According to Japan's Ministry of Finance trade statistics for 2024, 95.1% of the country's total oil imports originate in the Middle East, and 94.6% pass through the Strait of Hormuz. Calling this a critical dependence is an understatement.
For now, the threat is limited — at the end of December 2025, Japan's oil stocks amounted to 254 days' supply, of which 146 days were held in government reserves and 101 days in private stocks. The risk of a supply shortfall is still low, but the longer the war continues, the deeper and more lasting the consequences will be.
The LNG picture is the opposite: supplies from Qatar account for only about 4% of the market, so a halt at a Qatari facility would have minimal impact, if any. Yet LNG inventories cover only about three weeks because of storage constraints, and gas prices are surging. Japan will not be spared.

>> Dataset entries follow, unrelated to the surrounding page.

lemma residual_sq_le_if_Xnorm_le:
  fixes b :: "real^'ny \<Rightarrow> real^'ny \<Rightarrow> real^'nb"
    and f1 :: "real^'ny \<Rightarrow> real^'nu \<Rightarrow> real \<Rightarrow> real^'ny"
    and f2 :: "real^'ny \<Rightarrow> real^'nu \<Rightarrow> real \<Rightarrow> real^'nc"
    and ys ys' yh yh' :: "real \<Rightarrow> real^'ny" and us uh :: "real \<Rightarrow> real^'nu"
  defines "K \<equiv> sqrt DIM((real^'ny) \<times> (real^'nu))"
  assumes "T > 0"
    and feas: "feasible T b f1 f2 yL yR uL uR ys ys' us"
    and yh_cont: "continuous_on {0..T} yh"
    and yh_inX: "inX T yh yh' uh"
    and close: "Xnorm T (\<lambda>t. ys t - yh t) (\<lambda>t. ys' t - yh' t) (\<lambda>t. us t - uh t) \<le> ereal \<delta>"
    and "0 < \<delta>" "\<delta> \<le> 1" "2 * K * \<delta> \<le> eps" "0 < lam" "lam \<le> 1" "0 \<le> Clam"
    and b_holder: "\<forall>a a'. norm (ys 0 - a, ys T - a') \<le> eps \<longrightarrow>
                  norm (b (ys 0) (ys T) - b a a') \<le> Clam * norm (ys 0 - a, ys T - a') powr lam"
    and f_holder: "\<forall>t\<in>{0..T}. \<forall>v w. norm (ys t - v, us t - w) \<le> eps \<longrightarrow>
                  norm (f1 (ys t) (us t) t - f1 v w t, f2 (ys t) (us t) t - f2 v w t)
                    \<le> Clam * norm (ys t - v, us t - w) powr lam"
  shows "residual_sq T b f1 f2 yh yh' uh
           \<le> ennreal (((2 * T + 1) * Clam\<^sup>2 * (2 * K) powr (2 * lam) + 2) * \<delta> powr (2 * lam))"
proof -
  have "K > 0"
    unfolding K_def by (simp add: add_pos_pos)
  have "L2norm T (\<lambda>t. ys' t - yh' t) \<le> ereal \<delta>"
    using add_increasing2[OF Linf_yu_nonneg[OF \<open>T > 0\<close>] order_refl] close[unfolded Xnorm_def]
    by (rule order_trans)
  then have L2_close: "L2sq T (\<lambda>t. ys' t - yh' t) \<le> ennreal (\<delta>\<^sup>2)"
    by (rule L2sq_le_if_L2norm_le)
  have "Linf_yu T (\<lambda>t. ys t - yh t) (\<lambda>t. us t - uh t) \<le> ereal \<delta>"
    using add_increasing[OF L2norm_nonneg order_refl] close[unfolded Xnorm_def]
    by (rule order_trans)
  then have "AE t in lborel. t \<in> {0..T} \<longrightarrow> norm (ys t - yh t, us t - uh t) \<le> K * \<delta>"
    unfolding K_def by (rule AE_norm_le_if_Linf_yu_le)
  moreover have "yh' \<in> borel_measurable (restrict_space lborel {0..T})"
    using yh_inX unfolding inX_def weak_deriv_def by blast
  ultimately have "residual_sq T b f1 f2 yh yh' uh
      \<le> ennreal ((2 * T + 1) * (Clam * (2 * (K * \<delta>)) powr lam)\<^sup>2 + 2 * \<delta>\<^sup>2)"
    using L2_close \<open>K > 0\<close> \<open>0 < \<delta>\<close> \<open>2 * K * \<delta> \<le> eps\<close> \<open>0 < lam\<close> \<open>0 \<le> Clam\<close>
    by (intro residual_sq_le_if_close[OF \<open>T > 0\<close> feas yh_cont _ _ _ _ _ _ _ b_holder f_holder])
      (auto simp: mult.assoc)
  also have "\<dots> \<le> ennreal (((2 * T + 1) * Clam\<^sup>2 * (2 * K) powr (2 * lam) + 2) * \<delta> powr (2 * lam))"
  proof (rule ennreal_leI)
    have "(Clam * (2 * (K * \<delta>)) powr lam)\<^sup>2 = Clam\<^sup>2 * (2 * K * \<delta>) powr (2 * lam)"
      using \<open>K > 0\<close> \<open>0 < \<delta>\<close> by (simp add: power_mult_distrib powr_power mult.assoc)
    also have "\<dots> = Clam\<^sup>2 * (2 * K) powr (2 * lam) * \<delta> powr (2 * lam)"
      using \<open>K > 0\<close> \<open>0 < \<delta>\<close> by (simp add: powr_mult)
    finally have "(Clam * (2 * (K * \<delta>)) powr lam)\<^sup>2 = Clam\<^sup>2 * (2 * K) powr (2 * lam) * \<delta> powr (2 * lam)" .
    moreover have "\<delta> powr 2 \<le> \<delta> powr (2 * lam)"
      using \<open>0 < \<delta>\<close> \<open>\<delta> \<le> 1\<close> \<open>lam \<le> 1\<close> by (intro powr_mono') auto
    then have "\<delta>\<^sup>2 \<le> \<delta> powr (2 * lam)"
      using \<open>0 < \<delta>\<close> by simp
    ultimately show "(2 * T + 1) * (Clam * (2 * (K * \<delta>)) powr lam)\<^sup>2 + 2 * \<delta>\<^sup>2
        \<le> ((2 * T + 1) * Clam\<^sup>2 * (2 * K) powr (2 * lam) + 2) * \<delta> powr (2 * lam)"
      by (simp add: distrib_right mult.assoc)
  qed
  finally show ?thesis .
qed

Thus, there is no immediate, manifest risk of an energy crisis in Japan, but if the conflict becomes protracted, that risk will grow. At the same time, the threat of stagflation is rising because the government may be forced to stimulate demand. On March 3, Reuters reported that, according to its sources, the Bank of Japan will refrain from raising rates at its March 18–19 meeting.
In the short term, one should assume that higher energy prices will contribute to yen depreciation, and that depreciation in turn increases the risk of currency intervention. If depreciation is, however, necessary to preserve the balance of payments, the government may decline to intervene even if USD/JPY rises above 160.
Net speculative long positions in the yen fell by $131 million over the reporting week to $0.93 billion; positioning is neutral, the implied price remains below the long-term average, and there is no clear directional bias.
The yen's dynamics under current conditions are driven by short-term factors, while longer-term considerations such as the Bank of Japan rate have receded to the background. The prospect of interrupted oil and petroleum product supplies and rising energy prices would inevitably lead to an inflationary shock, continued declines in the stock market, and threats to economic growth. The probability of currency intervention has fallen; the market may need some time to reprice the situation. For now, a move in USD/JPY toward 160 appears more likely in the near term than a reversal to the downside.